Verwanten in de noordoostelijke Atlantische Oceaan en de Noordzee zijn de minder zijdelings afgeplatte en niet van een kiel langs de buik voorziene pelser of →sardien, en de van een scherpe getande buikkiel voorziene →sprot, zomede de →elft en de →fint. Elders komen talloze soorten, behorende tot ca. 50 geslachten, in alle tropische en gematigde zeeën voor, enkele in brakof zelfs zoet water. Sedert het begin van de jaren zestig is het karakter van de Nederlandse haringvisserij geheel veranderd. De aloude →vleetvisserij is verdwenen en heeft plaats moeten maken voor de trawlvisserij, waarbij de haring zowel met bodemtrawls als met pelagische →trawls wordt gevangen. Onder invloed van de zeer hoge visserij intensiteit is de haringstand in de Noordzee drastisch afgenomen. Hierdoor is de vangst aan haring op de traditionele visgronden in de Noordzee zoals op de Fladengronden, de Doggersbank en de Engelse Wal vrijwel geheel verdwenen en worden de grootste visvangsten gemaakt langs de Engelse noordoostkust (mei—aug.), bij de Hebriden (juni-sept.), rond Ierland (juni-nov.) en in Het Kanaal (dec.).
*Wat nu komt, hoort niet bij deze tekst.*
lemma lens_margin_pos_if_wcomp:
  assumes \<alpha>: "0 \<le> \<alpha>" "\<alpha> \<le> 1"
    and H: "\<forall>f\<in>caratheodory_class. wcomp (ell \<circ> lens_map \<alpha>) \<phi> f \<in> caratheodory_class"
    and w: "\<bar>Im w\<bar> < pi/2"
  shows "0 < lens_margin \<alpha> (cmod (\<phi> (strip_to_disk w))) (Im w)"
proof -
  define s where "s = cmod (\<phi> (strip_to_disk w))"
  define \<sigma> :: real where "\<sigma> = (if 0 \<le> sin (\<alpha> * Im w) then 1 else -1)"
  define v where "v = \<i> * complex_of_real (\<sigma> * s)"
  have "cmod v = s" "v \<noteq> 1" by (auto simp: v_def \<sigma>_def s_def norm_mult complex_eq_iff)
  have "ln (exp w) = w" using w by (intro Ln_exp) auto
  then have "ell (strip_to_disk w) powr complex_of_real \<alpha> = exp (complex_of_real \<alpha> * w)"
    by (simp add: ell_strip_to_disk[OF w] powr_def)
  then have "0 < Re (exp (complex_of_real \<alpha> * w) * ell v)"
    using Re_ell_powr_mult_ell_pos_if_wcomp[OF \<alpha> H strip_to_disk_in_unit_disk[OF w]] \<open>cmod v = s\<close>
    by (simp add: s_def)
  then have "0 < (1 - s\<^sup>2) * cos (\<alpha> * Im w) - 2 * (\<sigma> * s) * sin (\<alpha> * Im w)"
    using Re_exp_mult_ell_pos_iff[OF \<open>v \<noteq> 1\<close>] \<open>cmod v = s\<close> by (simp add: v_def)
  then show ?thesis by (simp add: lens_margin_def s_def \<sigma>_def abs_if split: if_splits)
qed

lemma norm_less_on_line_if_wcomp:
  assumes \<alpha>: "0 < \<alpha>" "\<alpha> < 1"
    and H: "\<forall>f\<in>caratheodory_class. wcomp (ell \<circ> lens_map \<alpha>) \<phi> f \<in> caratheodory_class"
    and \<beta>: "\<beta> < pi/2" and r1: "0 \<le> r1" "lens_margin \<alpha> r1 \<beta> < 0" and w: "\<bar>Im w\<bar> = \<beta>"
  shows "cmod (\<phi> (strip_to_disk w)) < r1"
proof (rule ccontr)
  define s where "s = cmod (\<phi> (strip_to_disk w))"
  assume "\<not> cmod (\<phi> (strip_to_disk w)) < r1"
  then have "r1 \<le> s" by (simp add: s_def)
  have "0 \<le> \<alpha> * \<beta>" "\<alpha> * \<beta> \<le> \<beta>"
    using w \<alpha> mult_left_le_one_le[of \<beta> \<alpha>] by auto
  then have "0 \<le> cos (\<alpha> * \<beta>)" using \<beta> by (intro cos_ge_zero) linarith+
  have "0 < lens_margin \<alpha> s (Im w)"
    using lens_margin_pos_if_wcomp[OF _ _ H] \<alpha> \<beta> w by (simp add: s_def)
  also have "lens_margin \<alpha> s (Im w) = lens_margin \<alpha> s \<beta>"
    using lens_margin_abs[of \<alpha> s "Im w"] w by simp
  also have "\<dots> \<le> lens_margin \<alpha> r1 \<beta>"
    using lens_margin_antimono[OF r1(1) \<open>r1 \<le> s\<close> \<open>0 \<le> cos (\<alpha> * \<beta>)\<close>] .
  finally show False using r1(2) by simp
qed

lemma norm_le_critical_if_wcomp:
  assumes \<alpha>: "0 < \<alpha>" "\<alpha> < 1" and \<phi>: "schwarz_type \<phi>"
    and H: "\<forall>f\<in>caratheodory_class. wcomp (ell \<circ> lens_map \<alpha>) \<phi> f \<in> caratheodory_class"
    and r: "0 < r" and critical: "lens_margin \<alpha> r (pi/2) = 0" and z: "z \<in> unit_disk"
  shows "cmod (\<phi> z) \<le> r"
proof (rule ccontr)
  assume "\<not> cmod (\<phi> z) \<le> r"
  define r1 where "r1 = (r + cmod (\<phi> z)) / 2"
  have r1: "r < r1" "r1 < cmod (\<phi> z)" "0 < r1"
    using \<open>\<not> cmod (\<phi> z) \<le> r\<close> r by (simp_all add: r1_def)
  define w0 where "w0 = ln (ell z)"
  have w0: "\<bar>Im w0\<bar> < pi/2" "strip_to_disk w0 = z"
    using abs_Im_ln_ell_less[OF z] strip_to_disk_ln_ell[OF z] by (simp_all add: w0_def)
  have "lens_margin \<alpha> r1 (pi/2) < 0"
    using lens_margin_neg_beyond_critical[OF \<alpha> r r1(1) critical] .
  moreover have "(lens_margin \<alpha> r1 \<longlongrightarrow> lens_margin \<alpha> r1 (pi/2)) (at_left (pi/2))"
    unfolding lens_margin_def by (intro tendsto_intros)
  ultimately have "eventually (\<lambda>\<beta>. lens_margin \<alpha> r1 \<beta> < 0) (at_left (pi/2))"
    by (simp add: order_tendstoD(2))
  moreover have "eventually (\<lambda>\<beta>. \<beta> \<in> {\<bar>Im w0\<bar><..<pi/2}) (at_left (pi/2))"
    using w0(1) by (rule eventually_at_left_real)
  ultimately have "\<exists>\<beta>. lens_margin \<alpha> r1 \<beta> < 0 \<and> \<beta> \<in> {\<bar>Im w0\<bar><..<pi/2}"
    by (rule eventually_happens'[OF trivial_limit_at_left_real eventually_conj])
  then obtain \<beta> where \<beta>: "lens_margin \<alpha> r1 \<beta> < 0" "\<bar>Im w0\<bar> < \<beta>" "\<beta> < pi/2"
    by auto
  have "strip_to_disk ` {w. \<bar>Im w\<bar> \<le> \<beta>} \<subseteq> unit_disk"
    using \<beta>(3) strip_to_disk_in_unit_disk by fastforce
  moreover have "strip_to_disk holomorphic_on {w. \<bar>Im w\<bar> \<le> \<beta>}"
    using \<beta>(3) by (auto intro: holomorphic_on_subset[OF strip_to_disk_holomorphic])
  ultimately have holo: "(\<phi> \<circ> strip_to_disk) holomorphic_on {w. \<bar>Im w\<bar> \<le> \<beta>}"
    using \<phi> holomorphic_on_compose_gen by (auto simp: schwarz_type_def)
  have bounded: "norm ((\<phi> \<circ> strip_to_disk) w) \<le> 1" if "\<bar>Im w\<bar> \<le> \<beta>" for w
    using \<phi> strip_to_disk_in_unit_disk[of w] that \<beta>(3) by (force simp: schwarz_type_def unit_disk_def)
  have on_lines: "norm ((\<phi> \<circ> strip_to_disk) w) \<le> r1" if "\<bar>Im w\<bar> = \<beta>" for w
    using norm_less_on_line_if_wcomp[OF \<alpha> H \<beta>(3) _ \<beta>(1) that] r1(3) by simp
  have "0 < \<beta>" using \<beta>(2) by linarith
  then have "norm ((\<phi> \<circ> strip_to_disk) w0) \<le> r1"
    using Phragmen_Lindelof_strip[OF _ \<beta>(3) holo bounded on_lines r1(3) \<beta>(2)] by blast
  then show False using r1(2) w0(2) by simp
qed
Bij de opening van het seizoen wordt de haring voornamelijk tot de →maatjesharing verwerkt. Later in het seizoen worden volle haringen gevangen, waarvan men →steurharing maakt. Na het paaiseizoen in de herfst vangt men voornamelijk ijle haringen.

Naast Nederland vangen Frankrijk, Schotland, de USSR, Ijsland en Ierland uitsluitend haring voor menselijke consumptie. Andere landen, waaronder Denemarken en Noorwegen vangen zeer veel jonge haring die tot →vismeel en olie wordt verwerkt. Bij het van kracht worden van de →quotering van de haringvangsten in de Westeuropese wateren, met het doel de haringstand voor een verdere achteruitgang te behoeden en zich te herstellen is echter ook de visserij op jonge haring aan banden gelegd. Haring wordt op tal van wijzen geschikt gemaakt voor de consumptie. Bij de maatjesharing geschiedt dit door →kaken en zouten. Deze haring is niet houdbaar en moet in koelhuizen bewaard worden (nieuwe haring, koelhuismaatjes).

Haring die kort voor de thuisreis van het schip gevangen en dan licht gezouten wordt, noemt men groene haring. Begin augustus eindigt de vangst van maatjesharing. Volle haring wordt gekaakt, gesteurd (de haring wordt dan door zwaar zouten zonder gekaakt te zijn houdbaar gemaakt) of vers aangevoerd. De volle haring wordt vaak gestoomd en wordt dan harde bokking, strobokking of harderwijker genoemd. Hij kan ook zeer licht gerookt worden en wordt dan bakbokking genoemd of hij komt in onbewerkte toestand als panharing bij de consument. Steurharing wordt gerookt en is dan spekbokking of Engelse bokking.

IJle haring wordt gewoonlijk gemarineerd. HERALDIEK. De haring komt in familieen gemeentewapens van Nederland vrij veel voor. Uit de bek hangt een druppel, vinnen en staart kunnen zich in afwijkende kleur onderscheiden van de rest, boven de kop zweeft veelal een fantasiekroon.